**BRIEF:** Please repeat the lines below exactly. Begin with the line containing "(\<forall>x1\<in>S. \<forall>x2\<in>S. \<forall>u::real." and go on through the line containing "snr_sr, snr_sd j".

**Collected data entries:**
=== Section Start ===
(* Let $N\ge1$, let real channel gains $a_{s,r},a_{s,j},a_{r,j}$ ($j=1,\dots,N$) be fixed, and for $\mathbf{P}=(P_s,P_r)\in[0,\infty)^2$ set $\mathsf{SNR}_{s,r}=a_{s,r}^2P_s$, $\mathsf{SNR}_{s,j}=a_{s,j}^2P_s$, $\mathsf{SNR}_{r,j}=a_{r,j}^2P_r$, and $\mathbf{S}(\mathbf{P})=(\mathsf{SNR}_{s,r},\mathsf{SNR}_{s,1},\dots,\mathsf{SNR}_{s,N},\mathsf{SNR}_{r,1},\dots,\mathsf{SNR}_{r,N})$. With $\mathsf{C}(x)=\tfrac12\log(1+x)$, $f_j(\rho,\mathbf{S})=\mathsf{SNR}_{s,j}+\mathsf{SNR}_{r,j}+2\rho\sqrt{\mathsf{SNR}_{s,j}\mathsf{SNR}_{r,j}}$, $g^*_j(\rho,\mathbf{S})=(1-\rho^2)\mathsf{SNR}_{s,r}$ and $R_{DF}(\rho,\mathbf{S})=\min_{1\le j\le N}\min(\mathsf{C}(f_j(\rho,\mathbf{S})),\mathsf{C}(g^*_j(\rho,\mathbf{S})))$, the map $(t,\mathbf{P})\mapsto R_{DF}(\sqrt t,\mathbf{S}(\mathbf{P}))$ is quasi-concave on $[0,1]\times[0,\infty)^2$ (i.e., quasi-concave in $(\rho^2,\mathbf{P})$).
   Context: Setting: real AWGN multicast relay channel with source $s$, relay $r$ and destinations $1,\dots,N$; $\rho\in[0,1]$ is the source–relay input correlation coefficient. A function $F$ on a convex set is quasi-concave if $F(\lambda x_1+(1-\lambda)x_2)\ge\min(F(x_1),F(x_2))$ for all $x_1,x_2$ and $\lambda\in[0,1]$. *)

theory Defs
  imports "HOL-Analysis.Analysis"
begin

definition quasi_concave_on :: "'a::real_vector set \<Rightarrow> ('a \<Rightarrow> real) \<Rightarrow> bool" where
  "quasi_concave_on S F \<longleftrightarrow>
     (\<forall>x1\<in>S. \<forall>x2\<in>S. \<forall>u::real. 0 \<le> u \<and> u \<le> 1 \<longrightarrow>
        F (u *\<^sub>R x1 + (1 - u) *\<^sub>R x2) \<ge> min (F x1) (F x2))"

definition Ccap :: "real \<Rightarrow> real" where
  "Ccap x = (1/2) * log 2 (1 + x)"

text \<open>The SNR vector S is represented by its components:
  snr_sr, snr_sd j (= SNR_{s,j}), snr_rd j (= SNR_{r,j}).\<close>
definition f_j :: "real \<Rightarrow> real \<Rightarrow> real \<Rightarrow> real" where
  "f_j \<rho> snr_sj snr_rj = snr_sj + snr_rj + 2 * \<rho> * sqrt (snr_sj * snr_rj)"

definition g_star :: "real \<Rightarrow> real \<Rightarrow> real" where
  "g_star \<rho> snr_sr = (1 - \<rho>^2) * snr_sr"

definition R_DF :: "nat \<Rightarrow> real \<Rightarrow> real \<Rightarrow> (nat \<Rightarrow> real) \<Rightarrow> (nat \<Rightarrow> real) \<Rightarrow> real" where
  "R_DF N \<rho> snr_sr snr_sd snr_rd =
     Min ((\<lambda>j. min (Ccap (f_j \<rho> (snr_sd j) (snr_rd j))) (Ccap (g_star \<rho> snr_sr))) ` {1..N})"

definition R_DF_P :: "nat \<Rightarrow> real \<Rightarrow> (nat \<Rightarrow> real) \<Rightarrow> (nat \<Rightarrow> real) \<Rightarrow> real \<times> real \<times> real \<Rightarrow> real" where
  "R_DF_P N a_sr a_sd a_rd = (\<lambda>(t, Ps, Pr).
     R_DF N (sqrt t) (a_sr^2 * Ps) (\<lambda>j. (a_sd j)^2 * Ps) (\<lambda>j. (a_rd j)^2 * Pr))"

end

theory Submission
  imports Defs
begin

text \<open>Quasi-concavity is preserved by pointwise minima, by monotone post-composition and by
  linear pre-composition, so it suffices to treat the building blocks
  \<open>(t, x, y) \<mapsto> x + y + 2 \<surd>(t x y)\<close> and \<open>(t, z) \<mapsto> (1 - t) z\<close> on the nonnegative orthant.
  Take two points and a convex combination of them. If two of the coordinates are ordered
  oppositely at the two points, the product of their convex combinations dominates the convex
  combination of their products; together with a weighted Cauchy--Schwarz inequality for the
  square root, the value at the combination is then at least the convex combination of the
  values. Otherwise all coordinates are ordered alike, so one of the two points lies
  componentwise below the combination, and monotonicity concludes.\<close>

lemma quasi_concave_on_min:
  assumes "quasi_concave_on S F" "quasi_concave_on S G"
  shows "quasi_concave_on S (\<lambda>x. min (F x) (G x))"
  using assms unfolding quasi_concave_on_def by (smt (verit, best))

lemma quasi_concave_on_Min:
  assumes "finite I" "I \<noteq> {}" "\<And>i. i \<in> I \<Longrightarrow> quasi_concave_on S (F i)"
  shows "quasi_concave_on S (\<lambda>x. Min ((\<lambda>i. F i x) ` I))"
  using assms
proof (induction I rule: finite_ne_induct)
  case (singleton i)
  then show ?case by simp
next
  case (insert i I)
  then show ?case
    by (simp add: quasi_concave_on_min)
qed

lemma quasi_concave_on_mono_comp:
  assumes "quasi_concave_on S F" "convex S" "F ` S \<subseteq> T" "mono_on T h"
  shows "quasi_concave_on S (\<lambda>x. h (F x))"
  unfolding quasi_concave_on_def
proof (intro ballI allI impI)
  fix x1 x2 and u :: real
  assume x: "x1 \<in> S" "x2 \<in> S" and u: "0 \<le> u \<and> u \<le> 1"
  then have "u *\<^sub>R x1 + (1 - u) *\<^sub>R x2 \<in> S"
    using \<open>convex S\<close> by (simp add: convex_def)
  then have "h (min (F x1) (F x2)) \<le> h (F (u *\<^sub>R x1 + (1 - u) *\<^sub>R x2))"
    using assms x u unfolding quasi_concave_on_def
    by (intro mono_onD[OF \<open>mono_on T h\<close>]) (auto simp: min_def)
  then show "min (h (F x1)) (h (F x2)) \<le> h (F (u *\<^sub>R x1 + (1 - u) *\<^sub>R x2))"
    by (simp add: min_def split: if_splits)
qed

lemma quasi_concave_on_linear_comp:
  assumes "quasi_concave_on T F" "linear L" "L ` S \<subseteq> T"
  shows "quasi_concave_on S (\<lambda>x. F (L x))"
  using assms unfolding quasi_concave_on_def
  by (simp add: image_subset_iff linear_add linear_scale)

lemma mono_on_Ccap: "mono_on {0..} Ccap"
  by (rule mono_onI) (simp add: Ccap_def)

lemma min_le_convex_comb:
  fixes a b u :: real
  assumes "0 \<le> u" "u \<le> 1"
  shows "min a b \<le> u * a + (1 - u) * b"
proof -
  have "u * min a b + (1 - u) * min a b \<le> u * a + (1 - u) * b"
    using assms by (intro add_mono mult_left_mono) auto
  then show ?thesis by (simp add: algebra_simps)
qed

lemma convex_comb_mult_le_mult_convex_comb:
  fixes a1 a2 b1 b2 u :: real
  assumes "(a1 - a2) * (b1 - b2) \<le> 0" "0 \<le> u" "u \<le> 1"
  shows "u * (a1 * b1) + (1 - u) * (a2 * b2) \<le> (u * a1 + (1 - u) * a2) * (u * b1 + (1 - u) * b2)"
proof -
  have "(u * a1 + (1 - u) * a2) * (u * b1 + (1 - u) * b2) - (u * (a1 * b1) + (1 - u) * (a2 * b2))
      = u * (1 - u) * - ((a1 - a2) * (b1 - b2))"
    by (simp add: algebra_simps)
  moreover have "0 \<le> u * (1 - u) * - ((a1 - a2) * (b1 - b2))"
    using assms by (intro mult_nonneg_nonneg) auto
  ultimately show ?thesis by linarith
qed

lemma convex_comb_sqrt_mult_le:
  fixes p1 p2 q1 q2 u :: real
  assumes "0 \<le> p1" "0 \<le> p2" "0 \<le> q1" "0 \<le> q2" "0 \<le> u" "u \<le> 1"
  shows "u * sqrt (p1 * q1) + (1 - u) * sqrt (p2 * q2)
    \<le> sqrt ((u * p1 + (1 - u) * p2) * (u * q1 + (1 - u) * q2))"
proof (rule real_le_rsqrt)
  define A1 A2 B1 B2 where "A1 = sqrt p1" "A2 = sqrt p2" "B1 = sqrt q1" "B2 = sqrt q2"
  have squares: "p1 = A1\<^sup>2" "p2 = A2\<^sup>2" "q1 = B1\<^sup>2" "q2 = B2\<^sup>2"
    using assms by (simp_all add: A1_A2_B1_B2_def)
  have "(u * p1 + (1 - u) * p2) * (u * q1 + (1 - u) * q2) - (u * (A1 * B1) + (1 - u) * (A2 * B2))\<^sup>2
      = u * (1 - u) * (A1 * B2 - A2 * B1)\<^sup>2"
    unfolding squares by (simp add: algebra_simps power2_eq_square)
  moreover have "0 \<le> u * (1 - u) * (A1 * B2 - A2 * B1)\<^sup>2"
    using assms by simp
  moreover have "sqrt (p1 * q1) = A1 * B1" "sqrt (p2 * q2) = A2 * B2"
    by (simp_all add: A1_A2_B1_B2_def real_sqrt_mult)
  ultimately show "(u * sqrt (p1 * q1) + (1 - u) * sqrt (p2 * q2))\<^sup>2
      \<le> (u * p1 + (1 - u) * p2) * (u * q1 + (1 - u) * q2)"
    by (metis diff_ge_0_iff_ge)
qed

lemma convex_comb_sqrt_mult3_le:
  fixes t1 t2 x1 x2 y1 y2 u :: real
  assumes "0 \<le> t1" "0 \<le> t2" "0 \<le> x1" "0 \<le> x2" "0 \<le> y1" "0 \<le> y2" "0 \<le> u" "u \<le> 1"
    and "(x1 - x2) * (y1 - y2) \<le> 0"
  shows "u * sqrt (t1 * x1 * y1) + (1 - u) * sqrt (t2 * x2 * y2)
    \<le> sqrt ((u * t1 + (1 - u) * t2) * (u * x1 + (1 - u) * x2) * (u * y1 + (1 - u) * y2))"
proof -
  have "u * sqrt (t1 * (x1 * y1)) + (1 - u) * sqrt (t2 * (x2 * y2))
      \<le> sqrt ((u * t1 + (1 - u) * t2) * (u * (x1 * y1) + (1 - u) * (x2 * y2)))"
    using assms by (intro convex_comb_sqrt_mult_le) auto
  also have "\<dots> \<le> sqrt ((u * t1 + (1 - u) * t2) * ((u * x1 + (1 - u) * x2) * (u * y1 + (1 - u) * y2)))"
    using assms convex_comb_mult_le_mult_convex_comb[of x1 x2 y1 y2 u]
    by (intro real_sqrt_le_mono mult_left_mono) auto
  finally show ?thesis by (simp add: mult.assoc)
qed

lemma f_j_sqrt_eq:
  assumes "0 \<le> t" "0 \<le> x" "0 \<le> y"
  shows "f_j (sqrt t) x y = x + y + 2 * sqrt (t * x * y)"
  using assms by (simp add: f_j_def real_sqrt_mult mult.assoc)

lemma f_j_sqrt_mono:
  assumes "0 \<le> t" "0 \<le> x" "0 \<le> y" "t \<le> t'" "x \<le> x'" "y \<le> y'"
  shows "f_j (sqrt t) x y \<le> f_j (sqrt t') x' y'"
proof -
  have "sqrt (t * x * y) \<le> sqrt (t' * x' * y')"
    using assms by (intro real_sqrt_le_mono mult_mono) auto
  moreover have "0 \<le> t'" "0 \<le> x'" "0 \<le> y'"
    using assms by linarith+
  ultimately show ?thesis
    using assms f_j_sqrt_eq[of t x y] f_j_sqrt_eq[of t' x' y'] by linarith
qed

lemma min_f_j_sqrt_le_convex_comb:
  fixes t1 t2 x1 x2 y1 y2 u :: real
  assumes nonneg: "0 \<le> t1" "0 \<le> t2" "0 \<le> x1" "0 \<le> x2" "0 \<le> y1" "0 \<le> y2"
    and u: "0 \<le> u" "u \<le> 1"
  shows "min (f_j (sqrt t1) x1 y1) (f_j (sqrt t2) x2 y2)
    \<le> f_j (sqrt (u * t1 + (1 - u) * t2)) (u * x1 + (1 - u) * x2) (u * y1 + (1 - u) * y2)"
    (is "min ?f1 ?f2 \<le> f_j (sqrt ?t) ?x ?y")
proof (cases "(x1 - x2) * (y1 - y2) \<le> 0 \<or> (t1 - t2) * (y1 - y2) \<le> 0 \<or> (t1 - t2) * (x1 - x2) \<le> 0")
  case True
  have "u * sqrt (t1 * x1 * y1) + (1 - u) * sqrt (t2 * x2 * y2) \<le> sqrt (?t * ?x * ?y)"
    using True
  proof (elim disjE)
    assume "(x1 - x2) * (y1 - y2) \<le> 0"
    then show ?thesis
      using assms by (intro convex_comb_sqrt_mult3_le) auto
  next
    assume "(t1 - t2) * (y1 - y2) \<le> 0"
    then have "u * sqrt (x1 * t1 * y1) + (1 - u) * sqrt (x2 * t2 * y2) \<le> sqrt (?x * ?t * ?y)"
      using assms by (intro convex_comb_sqrt_mult3_le) auto
    then show ?thesis by (simp add: ac_simps)
  next
    assume "(t1 - t2) * (x1 - x2) \<le> 0"
    then have "u * sqrt (y1 * t1 * x1) + (1 - u) * sqrt (y2 * t2 * x2) \<le> sqrt (?y * ?t * ?x)"
      using assms by (intro convex_comb_sqrt_mult3_le) auto
    then show ?thesis by (simp add: ac_simps)
  qed
  moreover have "0 \<le> ?t" "0 \<le> ?x" "0 \<le> ?y"
    using assms by simp_all
  ultimately have "u * ?f1 + (1 - u) * ?f2 \<le> f_j (sqrt ?t) ?x ?y"
    using assms by (simp add: f_j_sqrt_eq algebra_simps)
  then show ?thesis
    using min_le_convex_comb[OF u, of ?f1 ?f2] by linarith
next
  case False
  \<comment> \<open>all three coordinates are ordered alike, so the pointwise minimum is one of the two points\<close>
  then have "f_j (sqrt (min t1 t2)) (min x1 x2) (min y1 y2) \<in> {?f1, ?f2}"
    by (auto simp: not_le zero_less_mult_iff min_def)
  moreover have "f_j (sqrt (min t1 t2)) (min x1 x2) (min y1 y2) \<le> f_j (sqrt ?t) ?x ?y"
    using nonneg min_le_convex_comb[OF u] by (intro f_j_sqrt_mono) auto
  ultimately show ?thesis by auto
qed

lemma min_mult_le_mult_convex_comb:
  fixes a1 a2 b1 b2 u :: real
  assumes nonneg: "0 \<le> a1" "0 \<le> a2" "0 \<le> b1" "0 \<le> b2" and u: "0 \<le> u" "u \<le> 1"
  shows "min (a1 * b1) (a2 * b2) \<le> (u * a1 + (1 - u) * a2) * (u * b1 + (1 - u) * b2)"
proof (cases "(a1 - a2) * (b1 - b2) \<le> 0")
  case True
  then show ?thesis
    using convex_comb_mult_le_mult_convex_comb[OF True u] min_le_convex_comb[OF u, of "a1 * b1" "a2 * b2"]
    by linarith
next
  case False
  then have "min a1 a2 * min b1 b2 \<in> {a1 * b1, a2 * b2}"
    by (auto simp: not_le zero_less_mult_iff min_def)
  moreover have "min a1 a2 * min b1 b2 \<le> (u * a1 + (1 - u) * a2) * (u * b1 + (1 - u) * b2)"
    using nonneg u min_le_convex_comb[OF u] by (intro mult_mono) auto
  ultimately show ?thesis by auto
qed

lemma quasi_concave_on_f_j_sqrt:
  "quasi_concave_on {(t, x, y). 0 \<le> t \<and> 0 \<le> x \<and> 0 \<le> y} (\<lambda>(t, x, y). f_j (sqrt t) x y)"
  unfolding quasi_concave_on_def by (auto intro!: min_f_j_sqrt_le_convex_comb)

lemma quasi_concave_on_g_star_sqrt:
  "quasi_concave_on {(t, z). 0 \<le> t \<and> t \<le> 1 \<and> 0 \<le> z} (\<lambda>(t, z). g_star (sqrt t) z)"
  unfolding quasi_concave_on_def
proof (clarsimp simp: g_star_def)
  fix t1 z1 t2 z2 u :: real
  assume "0 \<le> t1" "t1 \<le> 1" "0 \<le> z1" "0 \<le> t2" "t2 \<le> 1" "0 \<le> z2" "0 \<le> u" "u \<le> 1"
  then have "min ((1 - t1) * z1) ((1 - t2) * z2)
      \<le> (u * (1 - t1) + (1 - u) * (1 - t2)) * (u * z1 + (1 - u) * z2)"
    by (intro min_mult_le_mult_convex_comb) auto
  moreover have "u * (1 - t1) + (1 - u) * (1 - t2) = 1 - (u * t1 + (1 - u) * t2)"
    by (simp add: algebra_simps)
  ultimately show "min ((1 - t1) * z1) ((1 - t2) * z2)
      \<le> (1 - (u * t1 + (1 - u) * t2)) * (u * z1 + (1 - u) * z2)"
    by simp
qed

theorem corollary2:
  fixes N :: nat and a_sr :: real and a_sd a_rd :: "nat \<Rightarrow> real"
  assumes "N \<ge> 1"
  shows "quasi_concave_on {(t, Ps, Pr). 0 \<le> t \<and> t \<le> 1 \<and> 0 \<le> Ps \<and> 0 \<le> Pr}
           (R_DF_P N a_sr a_sd a_rd)"
proof -
  let ?S = "{(t, Ps, Pr). 0 \<le> t \<and> t \<le> 1 \<and> 0 \<le> Ps \<and> 0 \<le> Pr} :: (real \<times> real \<times> real) set"
  define F :: "real \<times> real \<times> real \<Rightarrow> real" where "F = (\<lambda>(t, x, y). f_j (sqrt t) x y)"
  define G :: "real \<times> real \<Rightarrow> real" where "G = (\<lambda>(t, z). g_star (sqrt t) z)"
  define Lf :: "nat \<Rightarrow> real \<times> real \<times> real \<Rightarrow> real \<times> real \<times> real"
    where "Lf j = (\<lambda>(t, Ps, Pr). (t, (a_sd j)\<^sup>2 * Ps, (a_rd j)\<^sup>2 * Pr))" for j
  define Lg :: "real \<times> real \<times> real \<Rightarrow> real \<times> real"
    where "Lg = (\<lambda>(t, Ps, Pr). (t, a_sr\<^sup>2 * Ps))"
  have "?S = {0..1} \<times> {0..} \<times> {0..}"
    by auto
  then have "convex ?S"
    by (simp add: convex_Times)
  have "quasi_concave_on ?S (\<lambda>p. Ccap (F (Lf j p)))" for j
    unfolding F_def
    by (rule quasi_concave_on_mono_comp[OF quasi_concave_on_linear_comp[OF quasi_concave_on_f_j_sqrt]
          \<open>convex ?S\<close> _ mono_on_Ccap])
      (auto simp: Lf_def f_j_sqrt_eq distrib_left intro!: linearI)
  moreover have "quasi_concave_on ?S (\<lambda>p. Ccap (G (Lg p)))"
    unfolding G_def
    by (rule quasi_concave_on_mono_comp[OF quasi_concave_on_linear_comp[OF quasi_concave_on_g_star_sqrt]
          \<open>convex ?S\<close> _ mono_on_Ccap])
      (auto simp: Lg_def g_star_def distrib_left intro!: linearI)
  ultimately have "quasi_concave_on ?S (\<lambda>p. Min ((\<lambda>j. min (Ccap (F (Lf j p))) (Ccap (G (Lg p)))) ` {1..N}))"
    using assms by (intro quasi_concave_on_Min quasi_concave_on_min) auto
  moreover have "R_DF_P N a_sr a_sd a_rd = (\<lambda>p. Min ((\<lambda>j. min (Ccap (F (Lf j p))) (Ccap (G (Lg p)))) ` {1..N}))"
    by (auto simp: fun_eq_iff R_DF_P_def R_DF_def F_def G_def Lf_def Lg_def)
  ultimately show ?thesis
    by simp
qed

end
=== Section End ===
**EXPECTED OUTPUT:**
     (\<forall>x1\<in>S. \<forall>x2\<in>S. \<forall>u::real. 0 \<le> u \<and> u \<le> 1 \<longrightarrow>
        F (u *\<^sub>R x1 + (1 - u) *\<^sub>R x2) \<ge> min (F x1) (F x2))"

definition Ccap :: "real \<Rightarrow> real" where
  "Ccap x = (1/2) * log 2 (1 + x)"

text \<open>The SNR vector S is represented by its components:
  snr_sr, snr_sd j (= SNR_{s,j}), snr_rd j (= SNR_{r,j}).\<close>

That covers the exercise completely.